Reputation: 920
I'm attempting to create my own corpus in NLTK. I've been reading some of the documentation on this and it seems rather complicated... all I wanted to do is "clone" the movie reviews corpus but with my own text. Now, I know I can just change files in the move reviews corpus to my own... but that limits me to working with just one such corpus at a time (ie. I'd have to continually be swapping files). is there any way i could just clone the movie reviews corpus?
thanks Alex
Upvotes: 0
Views: 336
Reputation: 50220
The movie reviews are read with the CategorizedPlaintextCorpusReader
class. Use it directly to load your corpus.

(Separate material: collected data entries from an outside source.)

(* For every integer $n\ge1$ and every $f\in\mathcal{E}_n^-$, $$\int_0^\infty |f(t)|^2e^{-t}\,dt \le \left(1+8190\,e^{-n/10}\right)\int_0^{9n}|f(t)|^2e^{-t}\,dt.$$ In particular this holds for every $f\in\mathcal{T}_n$.
   Context: $\mathcal{E}_n^-$ denotes the set of all functions $f(t)=\sum_{j=1}^n a_j e^{\lambda_j t}$ ($t\in\mathbb{R}$) with $a_j,\lambda_j\in\mathbb{C}$ and $\mathrm{Re}(\lambda_j)\le 0$ for all $j$. $\mathcal{T}_n$ denotes the set of all functions $f(t)=\sum_{j=1}^n a_j e^{i\lambda_j t}$ with $a_j\in\mathbb{C}$ (possibly zero) and real $\lambda_1<\cdots<\lambda_n$. *)

theory Defs
  imports "HOL-Analysis.Analysis"
begin

text \<open>The class E_n^-: exponential sums with n terms whose exponents have
  nonpositive real part (indices 0..n-1 instead of 1..n).\<close>
definition E_minus :: "nat \<Rightarrow> (real \<Rightarrow> complex) set" where
  "E_minus n = {f. \<exists>(a::nat \<Rightarrow> complex) (lam::nat \<Rightarrow> complex).
      (\<forall>j<n. Re (lam j) \<le> 0) \<and>
      f = (\<lambda>t. \<Sum>j<n. a j * exp (lam j * complex_of_real t))}"

definition T_class :: "nat \<Rightarrow> (real \<Rightarrow> complex) set" where
  "T_class n = {f. \<exists>(a::nat \<Rightarrow> complex) (lam::nat \<Rightarrow> real).
      strict_mono_on {..<n} lam \<and>
      f = (\<lambda>t. \<Sum>j<n. a j * exp (\<i> * complex_of_real (lam j) * complex_of_real t))}"

end

theory Submission
  imports Defs "HOL-Computational_Algebra.Formal_Power_Series"
begin

text \<open>
  Write \<open>f(m + t) e^(-(m + t)/2) = \<Sum>j. c_j \<rho>_j^m\<close> with \<open>\<rho>_j = e^(\<lambda>_j - 1/2)\<close>, so that
  \<open>|\<rho>_j| \<le> e^(-1/2) < 8/13\<close>. Such a power sum \<open>u\<close> satisfies the linear recurrence with
  characteristic polynomial \<open>\<Prod>j. 1 - \<rho>_j X\<close>, hence its generating function is a polynomial
  of degree \<open>< n\<close>, determined by \<open>u_0, \<dots>, u_(n-1)\<close>, divided by that product. Comparing
  coefficients with the majorant \<open>((1 + rX)/(1 - rX))^n\<close> and evaluating it at \<open>s = 7/5\<close> gives
  \<open>|u_k| \<le> (121/9)^n (5/7)^k \<Sum>i<n. |u_i| (7/5)^i\<close> for \<open>k \<ge> n\<close>. Integrating over unit
  blocks \<open>[k, k + 1]\<close>, each block beyond \<open>9n\<close> is dominated by the first \<open>n\<close> blocks times a
  geometrically decaying factor, and these factors sum to at most \<open>8190 e^(-n/10)\<close>.
\<close>

unbundle no vec_syntax and fps_syntax

definition fps_geometric :: "'a::comm_ring_1 \<Rightarrow> 'a fps" where
  "fps_geometric c = Abs_fps (\<lambda>k. c ^ k)"

lemma fps_geometric_inverse: "(1 - fps_const c * fps_X) * fps_geometric c = 1"
proof (rule fps_ext)
  fix k
  have "((1 - fps_const c * fps_X) * fps_geometric c) $ k
      = fps_geometric c $ k - c * (fps_X * fps_geometric c) $ k"
    by (simp add: algebra_simps)
  also have "\<dots> = (1 :: 'a fps) $ k"
    by (cases k) (auto simp: fps_geometric_def)
  finally show "((1 - fps_const c * fps_X) * fps_geometric c) $ k = (1 :: 'a fps) $ k" .
qed

lemma fps_nth_prod_linear_eq_0:
  fixes \<rho> :: "'b \<Rightarrow> 'a::comm_ring_1"
  assumes "finite A" "card A < k"
  shows "(\<Prod>i\<in>A. 1 - fps_const (\<rho> i) * fps_X) $ k = 0"
  using assms
proof (induction A arbitrary: k rule: finite_induct)
  case (insert x F)
  let ?Q = "\<Prod>i\<in>F. 1 - fps_const (\<rho> i) * fps_X"
  have "(\<Prod>i\<in>insert x F. 1 - fps_const (\<rho> i) * fps_X) $ k = ?Q $ k - \<rho> x * (fps_X * ?Q) $ k"
    using insert.hyps by (simp add: algebra_simps)
  also have "\<dots> = 0"
    using insert by (cases k) auto
  finally show ?case .
qed simp

definition fps_majorized :: "'a::real_normed_field fps \<Rightarrow> real fps \<Rightarrow> bool" where
  "fps_majorized a A \<longleftrightarrow> (\<forall>k. norm (a $ k) \<le> A $ k)"

lemma fps_majorized_nonneg: "fps_majorized a A \<Longrightarrow> 0 \<le> A $ k"
  unfolding fps_majorized_def by (meson norm_ge_zero order_trans)

lemma fps_majorized_mult:
  assumes "fps_majorized a A" "fps_majorized b B"
  shows "fps_majorized (a * b) (A * B)"
  unfolding fps_majorized_def
proof
  fix k
  have "norm ((a * b) $ k) \<le> (\<Sum>i=0..k. norm (a $ i) * norm (b $ (k - i)))"
    unfolding fps_mult_nth by (rule order_trans[OF norm_sum]) (simp add: norm_mult)
  also have "\<dots> \<le> (\<Sum>i=0..k. A $ i * B $ (k - i))"
    using assms fps_majorized_nonneg[OF assms(1)] unfolding fps_majorized_def
    by (intro sum_mono mult_mono) auto
  finally show "norm ((a * b) $ k) \<le> (A * B) $ k"
    by (simp add: fps_mult_nth)
qed

lemma fps_majorized_prod:
  "(\<And>j. j \<in> S \<Longrightarrow> fps_majorized (a j) (A j)) \<Longrightarrow> fps_majorized (\<Prod>j\<in>S. a j) (\<Prod>j\<in>S. A j)"
proof (induction S rule: infinite_finite_induct)
  case (insert x F)
  then show ?case by (simp add: fps_majorized_mult)
qed (auto simp: fps_majorized_def)

lemma fps_majorized_linear:
  "norm c \<le> r \<Longrightarrow> fps_majorized (1 - fps_const c * fps_X) (1 + fps_const r * fps_X)"
  unfolding fps_majorized_def by auto

lemma fps_majorized_geometric:
  "norm c \<le> r \<Longrightarrow> fps_majorized (fps_geometric c) (fps_geometric r)"
  unfolding fps_majorized_def fps_geometric_def by (auto simp: norm_power power_mono)

definition fps_nonneg :: "real fps \<Rightarrow> bool" where
  "fps_nonneg A \<longleftrightarrow> (\<forall>j. 0 \<le> A $ j)"

lemma fps_nonneg_mult: "fps_nonneg A \<Longrightarrow> fps_nonneg B \<Longrightarrow> fps_nonneg (A * B)"
  unfolding fps_nonneg_def by (auto simp: fps_mult_nth intro!: sum_nonneg)

lemma fps_nonneg_power: "fps_nonneg A \<Longrightarrow> fps_nonneg (A ^ n)"
  by (induction n) (auto simp: fps_nonneg_mult, simp add: fps_nonneg_def)

definition fps_partial_eval :: "nat \<Rightarrow> real \<Rightarrow> real fps \<Rightarrow> real" where
  "fps_partial_eval N s A = (\<Sum>j\<le>N. A $ j * s ^ j)"

lemma fps_partial_eval_nonneg: "fps_nonneg A \<Longrightarrow> 0 \<le> s \<Longrightarrow> 0 \<le> fps_partial_eval N s A"
  unfolding fps_partial_eval_def fps_nonneg_def by (auto intro!: sum_nonneg)

lemma fps_nth_le_partial_eval:
  "fps_nonneg A \<Longrightarrow> 0 \<le> s \<Longrightarrow> A $ N * s ^ N \<le> fps_partial_eval N s A"
  unfolding fps_partial_eval_def fps_nonneg_def by (intro member_le_sum) auto

lemma fps_partial_eval_mult_le:
  assumes A: "fps_nonneg A" and B: "fps_nonneg B" and s: "0 \<le> s"
  shows "fps_partial_eval N s (A * B) \<le> fps_partial_eval N s A * fps_partial_eval N s B"
proof -
  let ?a = "\<lambda>i. A $ i * s ^ i" and ?b = "\<lambda>j. B $ j * s ^ j"
  have "fps_partial_eval N s (A * B) = (\<Sum>k\<le>N. \<Sum>i\<le>k. ?a i * ?b (k - i))"
    unfolding fps_partial_eval_def fps_mult_nth atLeast0AtMost
    by (intro sum.cong refl) (auto simp: sum_distrib_right power_add[symmetric] intro!: sum.cong)
  also have "\<dots> = (\<Sum>(i,j)\<in>{(i,j). i + j \<le> N}. ?a i * ?b j)"
    by (rule sum.triangle_reindex_eq[symmetric])
  also have "\<dots> \<le> (\<Sum>(i,j)\<in>{..N} \<times> {..N}. ?a i * ?b j)"
    using A B s unfolding fps_nonneg_def by (intro sum_mono2) auto
  also have "\<dots> = fps_partial_eval N s A * fps_partial_eval N s B"
    unfolding fps_partial_eval_def by (simp add: sum_product sum.cartesian_product)
  finally show ?thesis .
qed

lemma fps_partial_eval_power_le:
  assumes A: "fps_nonneg A" and s: "0 \<le> s"
  shows "fps_partial_eval N s (A ^ n) \<le> fps_partial_eval N s A ^ n"
proof (induction n)
  case 0
  show ?case by (simp add: fps_partial_eval_def sum.atMost_shift)
next
  case (Suc n)
  have "fps_partial_eval N s (A ^ Suc n) \<le> fps_partial_eval N s A * fps_partial_eval N s (A ^ n)"
    using fps_partial_eval_mult_le[OF A fps_nonneg_power[OF A] s] by simp
  also have "\<dots> \<le> fps_partial_eval N s A * fps_partial_eval N s A ^ n"
    using Suc fps_partial_eval_nonneg[OF A s] by (intro mult_left_mono) auto
  finally show ?case by simp
qed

The following should work for an exact copy of the movies corpus:
mr = CategorizedPlaintextCorpusReader(path_to_your_reviews, r'(?!\.).*\.txt',
cat_pattern=r'(neg|pos)/.*')
Whatever maches inside cat_pattern
are the categories: In this case, neg
and pos
. If your corpus has different categories (e.g., movie genres rather than positive/negative evaluations), change the directory structure and adjust the cat_pattern
parameter to match.
PS. For categorized corpora with different structure, the nltk offers a wealth of ways to specify the category; read the documentation of CategorizedPlaintextCorpusReader
.
Upvotes: 1
Reputation: 4182
Why don't you a define a new corpus by copying the definition of movie_reviews
in nltk.corpus
? You can do this all you want with new directories, and then copy the directory structure and replace the files.
Upvotes: 0